* [Records for the task]:
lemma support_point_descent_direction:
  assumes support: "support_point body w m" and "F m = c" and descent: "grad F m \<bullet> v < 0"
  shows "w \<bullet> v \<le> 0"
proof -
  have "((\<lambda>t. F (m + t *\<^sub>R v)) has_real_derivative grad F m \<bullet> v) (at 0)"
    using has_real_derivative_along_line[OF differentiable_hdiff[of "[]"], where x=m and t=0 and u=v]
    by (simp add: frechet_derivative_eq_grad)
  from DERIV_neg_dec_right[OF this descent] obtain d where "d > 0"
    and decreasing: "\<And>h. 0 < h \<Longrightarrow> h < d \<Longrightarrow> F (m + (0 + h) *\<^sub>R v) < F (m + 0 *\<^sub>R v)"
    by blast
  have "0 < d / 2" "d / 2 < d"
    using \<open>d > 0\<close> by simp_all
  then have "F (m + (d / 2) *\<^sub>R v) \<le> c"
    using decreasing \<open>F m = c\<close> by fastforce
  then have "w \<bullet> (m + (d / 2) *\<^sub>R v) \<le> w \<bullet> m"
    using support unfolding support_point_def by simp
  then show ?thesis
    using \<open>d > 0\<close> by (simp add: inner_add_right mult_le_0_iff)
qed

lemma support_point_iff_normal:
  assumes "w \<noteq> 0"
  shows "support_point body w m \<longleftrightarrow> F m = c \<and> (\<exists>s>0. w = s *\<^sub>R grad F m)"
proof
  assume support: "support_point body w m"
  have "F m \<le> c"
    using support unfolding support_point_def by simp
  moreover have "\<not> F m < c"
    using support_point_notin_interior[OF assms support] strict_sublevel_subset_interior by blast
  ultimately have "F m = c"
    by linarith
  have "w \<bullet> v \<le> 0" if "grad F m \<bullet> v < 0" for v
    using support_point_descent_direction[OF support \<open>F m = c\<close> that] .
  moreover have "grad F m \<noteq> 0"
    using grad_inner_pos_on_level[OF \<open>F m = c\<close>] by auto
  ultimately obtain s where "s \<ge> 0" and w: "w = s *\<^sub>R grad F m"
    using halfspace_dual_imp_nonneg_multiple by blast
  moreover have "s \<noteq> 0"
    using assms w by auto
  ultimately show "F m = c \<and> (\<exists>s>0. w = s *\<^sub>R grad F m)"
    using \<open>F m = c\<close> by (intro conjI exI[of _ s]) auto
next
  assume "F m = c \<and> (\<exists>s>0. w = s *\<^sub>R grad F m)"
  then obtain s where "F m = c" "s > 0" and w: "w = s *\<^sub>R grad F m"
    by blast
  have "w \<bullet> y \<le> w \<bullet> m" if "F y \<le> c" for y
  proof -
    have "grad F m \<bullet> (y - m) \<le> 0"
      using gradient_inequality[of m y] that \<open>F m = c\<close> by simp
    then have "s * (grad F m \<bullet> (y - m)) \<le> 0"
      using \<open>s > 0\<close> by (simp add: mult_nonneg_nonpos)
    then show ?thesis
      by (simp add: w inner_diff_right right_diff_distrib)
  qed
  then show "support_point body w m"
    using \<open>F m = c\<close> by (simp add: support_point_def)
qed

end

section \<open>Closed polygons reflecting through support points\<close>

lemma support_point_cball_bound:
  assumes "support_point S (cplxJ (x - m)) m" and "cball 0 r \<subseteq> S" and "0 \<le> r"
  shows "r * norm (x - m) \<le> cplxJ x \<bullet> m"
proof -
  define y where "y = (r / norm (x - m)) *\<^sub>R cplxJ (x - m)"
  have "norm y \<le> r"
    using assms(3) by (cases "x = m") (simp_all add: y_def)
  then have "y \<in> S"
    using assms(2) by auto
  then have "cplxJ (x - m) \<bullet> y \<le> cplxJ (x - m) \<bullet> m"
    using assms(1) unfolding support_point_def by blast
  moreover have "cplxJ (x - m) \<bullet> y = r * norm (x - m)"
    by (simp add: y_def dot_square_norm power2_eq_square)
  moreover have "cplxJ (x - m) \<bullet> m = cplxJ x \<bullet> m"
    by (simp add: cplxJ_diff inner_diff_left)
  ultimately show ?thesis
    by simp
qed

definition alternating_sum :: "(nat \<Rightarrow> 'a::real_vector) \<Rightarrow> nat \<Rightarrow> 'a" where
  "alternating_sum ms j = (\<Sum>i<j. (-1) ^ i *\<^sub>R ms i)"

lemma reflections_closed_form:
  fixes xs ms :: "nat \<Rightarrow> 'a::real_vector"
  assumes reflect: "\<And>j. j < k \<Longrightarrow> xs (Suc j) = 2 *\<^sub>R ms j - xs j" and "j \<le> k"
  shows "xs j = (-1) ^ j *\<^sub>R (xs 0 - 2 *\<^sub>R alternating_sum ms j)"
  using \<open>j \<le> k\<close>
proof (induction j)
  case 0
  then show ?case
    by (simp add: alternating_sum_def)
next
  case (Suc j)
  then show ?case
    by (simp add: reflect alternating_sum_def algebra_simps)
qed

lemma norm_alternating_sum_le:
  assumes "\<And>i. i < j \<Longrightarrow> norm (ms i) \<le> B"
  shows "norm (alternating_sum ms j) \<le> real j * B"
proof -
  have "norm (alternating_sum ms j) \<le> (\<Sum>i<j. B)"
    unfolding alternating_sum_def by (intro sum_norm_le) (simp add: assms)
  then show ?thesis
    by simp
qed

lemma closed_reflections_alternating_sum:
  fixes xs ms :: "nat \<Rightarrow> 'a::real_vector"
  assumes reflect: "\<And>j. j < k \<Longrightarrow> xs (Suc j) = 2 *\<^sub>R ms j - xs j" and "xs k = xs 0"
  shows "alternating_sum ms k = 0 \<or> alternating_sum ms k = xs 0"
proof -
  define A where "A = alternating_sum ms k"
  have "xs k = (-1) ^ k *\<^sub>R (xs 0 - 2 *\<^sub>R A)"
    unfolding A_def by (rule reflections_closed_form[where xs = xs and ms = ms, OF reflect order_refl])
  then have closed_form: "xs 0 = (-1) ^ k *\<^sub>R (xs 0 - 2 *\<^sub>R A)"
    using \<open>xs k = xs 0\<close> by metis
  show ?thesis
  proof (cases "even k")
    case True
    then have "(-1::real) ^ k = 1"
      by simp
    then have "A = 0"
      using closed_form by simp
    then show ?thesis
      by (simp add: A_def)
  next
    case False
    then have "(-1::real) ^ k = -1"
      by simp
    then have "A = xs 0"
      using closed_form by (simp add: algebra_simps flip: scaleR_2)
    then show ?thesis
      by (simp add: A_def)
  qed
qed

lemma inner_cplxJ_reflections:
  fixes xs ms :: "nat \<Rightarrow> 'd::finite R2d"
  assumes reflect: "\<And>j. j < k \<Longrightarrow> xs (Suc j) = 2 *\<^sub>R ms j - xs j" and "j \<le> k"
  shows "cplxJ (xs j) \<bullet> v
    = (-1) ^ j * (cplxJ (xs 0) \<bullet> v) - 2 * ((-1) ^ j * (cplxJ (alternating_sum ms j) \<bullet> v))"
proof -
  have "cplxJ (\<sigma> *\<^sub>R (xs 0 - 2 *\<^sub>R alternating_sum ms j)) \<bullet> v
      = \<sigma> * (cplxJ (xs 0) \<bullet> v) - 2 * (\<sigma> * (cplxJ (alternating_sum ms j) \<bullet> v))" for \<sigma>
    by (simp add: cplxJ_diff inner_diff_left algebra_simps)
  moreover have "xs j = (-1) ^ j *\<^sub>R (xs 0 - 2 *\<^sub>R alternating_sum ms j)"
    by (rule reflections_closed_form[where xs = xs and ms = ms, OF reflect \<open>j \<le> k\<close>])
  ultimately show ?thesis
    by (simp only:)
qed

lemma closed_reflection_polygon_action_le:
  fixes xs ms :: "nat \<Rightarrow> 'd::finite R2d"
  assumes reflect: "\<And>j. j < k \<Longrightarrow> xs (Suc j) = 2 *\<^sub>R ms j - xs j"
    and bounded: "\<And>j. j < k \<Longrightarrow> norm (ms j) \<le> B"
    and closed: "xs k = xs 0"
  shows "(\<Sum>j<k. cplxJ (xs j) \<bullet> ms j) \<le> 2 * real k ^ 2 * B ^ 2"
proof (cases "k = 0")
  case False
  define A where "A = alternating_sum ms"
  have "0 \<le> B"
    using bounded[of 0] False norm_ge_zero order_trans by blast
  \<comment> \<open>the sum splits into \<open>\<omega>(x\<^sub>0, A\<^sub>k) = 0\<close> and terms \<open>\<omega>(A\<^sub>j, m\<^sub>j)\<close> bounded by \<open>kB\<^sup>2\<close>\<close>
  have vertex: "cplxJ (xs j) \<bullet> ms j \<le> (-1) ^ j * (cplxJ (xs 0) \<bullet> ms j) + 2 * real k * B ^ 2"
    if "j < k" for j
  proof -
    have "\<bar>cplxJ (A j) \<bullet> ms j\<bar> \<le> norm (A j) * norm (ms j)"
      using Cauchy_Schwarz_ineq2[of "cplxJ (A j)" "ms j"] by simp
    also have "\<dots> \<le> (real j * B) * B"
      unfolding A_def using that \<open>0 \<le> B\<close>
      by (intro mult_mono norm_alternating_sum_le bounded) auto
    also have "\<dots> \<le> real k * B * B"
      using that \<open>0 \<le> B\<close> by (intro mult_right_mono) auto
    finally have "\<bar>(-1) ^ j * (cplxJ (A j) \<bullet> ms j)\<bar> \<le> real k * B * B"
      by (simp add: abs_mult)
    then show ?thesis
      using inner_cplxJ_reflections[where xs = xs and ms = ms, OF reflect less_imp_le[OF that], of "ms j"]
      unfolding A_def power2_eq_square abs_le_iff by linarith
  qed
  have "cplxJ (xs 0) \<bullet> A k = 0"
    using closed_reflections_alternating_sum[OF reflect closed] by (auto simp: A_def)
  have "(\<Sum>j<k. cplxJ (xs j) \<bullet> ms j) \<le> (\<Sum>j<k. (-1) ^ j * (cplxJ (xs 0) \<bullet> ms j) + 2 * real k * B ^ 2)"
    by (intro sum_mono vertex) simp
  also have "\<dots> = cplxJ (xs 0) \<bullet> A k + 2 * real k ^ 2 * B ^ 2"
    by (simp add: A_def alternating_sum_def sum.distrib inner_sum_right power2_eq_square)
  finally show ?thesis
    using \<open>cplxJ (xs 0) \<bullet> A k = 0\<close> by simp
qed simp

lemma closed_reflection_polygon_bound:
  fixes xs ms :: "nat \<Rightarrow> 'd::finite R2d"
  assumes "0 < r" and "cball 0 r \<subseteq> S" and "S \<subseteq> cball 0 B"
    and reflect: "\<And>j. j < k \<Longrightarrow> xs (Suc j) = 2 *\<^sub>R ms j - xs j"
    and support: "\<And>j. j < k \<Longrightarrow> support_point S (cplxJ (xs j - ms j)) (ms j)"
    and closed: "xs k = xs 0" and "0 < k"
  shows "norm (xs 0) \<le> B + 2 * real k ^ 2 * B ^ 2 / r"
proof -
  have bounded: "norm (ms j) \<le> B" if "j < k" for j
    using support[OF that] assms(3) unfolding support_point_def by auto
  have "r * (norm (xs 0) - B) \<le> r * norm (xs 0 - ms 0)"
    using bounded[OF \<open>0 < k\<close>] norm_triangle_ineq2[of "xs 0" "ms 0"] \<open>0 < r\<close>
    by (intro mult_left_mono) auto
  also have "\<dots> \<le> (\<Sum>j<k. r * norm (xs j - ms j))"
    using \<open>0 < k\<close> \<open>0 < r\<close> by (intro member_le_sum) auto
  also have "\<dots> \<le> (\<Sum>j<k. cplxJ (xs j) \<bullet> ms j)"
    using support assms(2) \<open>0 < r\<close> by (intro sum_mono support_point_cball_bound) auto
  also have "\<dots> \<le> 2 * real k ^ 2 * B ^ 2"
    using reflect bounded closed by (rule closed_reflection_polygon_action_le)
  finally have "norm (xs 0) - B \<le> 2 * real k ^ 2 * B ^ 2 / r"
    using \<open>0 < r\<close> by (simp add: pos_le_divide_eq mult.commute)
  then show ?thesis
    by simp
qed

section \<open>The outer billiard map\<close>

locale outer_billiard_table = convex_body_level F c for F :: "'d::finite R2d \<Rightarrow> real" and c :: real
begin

* [Description of the task]:
Go over the listing above and return each line with "dots".

* [Solution to this task]:
    also have "\<dots> \<le> (real j * B) * B"
    also have "\<dots> \<le> real k * B * B"
  also have "\<dots> = cplxJ (xs 0) \<bullet> A k + 2 * real k ^ 2 * B ^ 2"
  also have "\<dots> \<le> (\<Sum>j<k. r * norm (xs j - ms j))"
  also have "\<dots> \<le> (\<Sum>j<k. cplxJ (xs j) \<bullet> ms j)"
  also have "\<dots> \<le> 2 * real k ^ 2 * B ^ 2"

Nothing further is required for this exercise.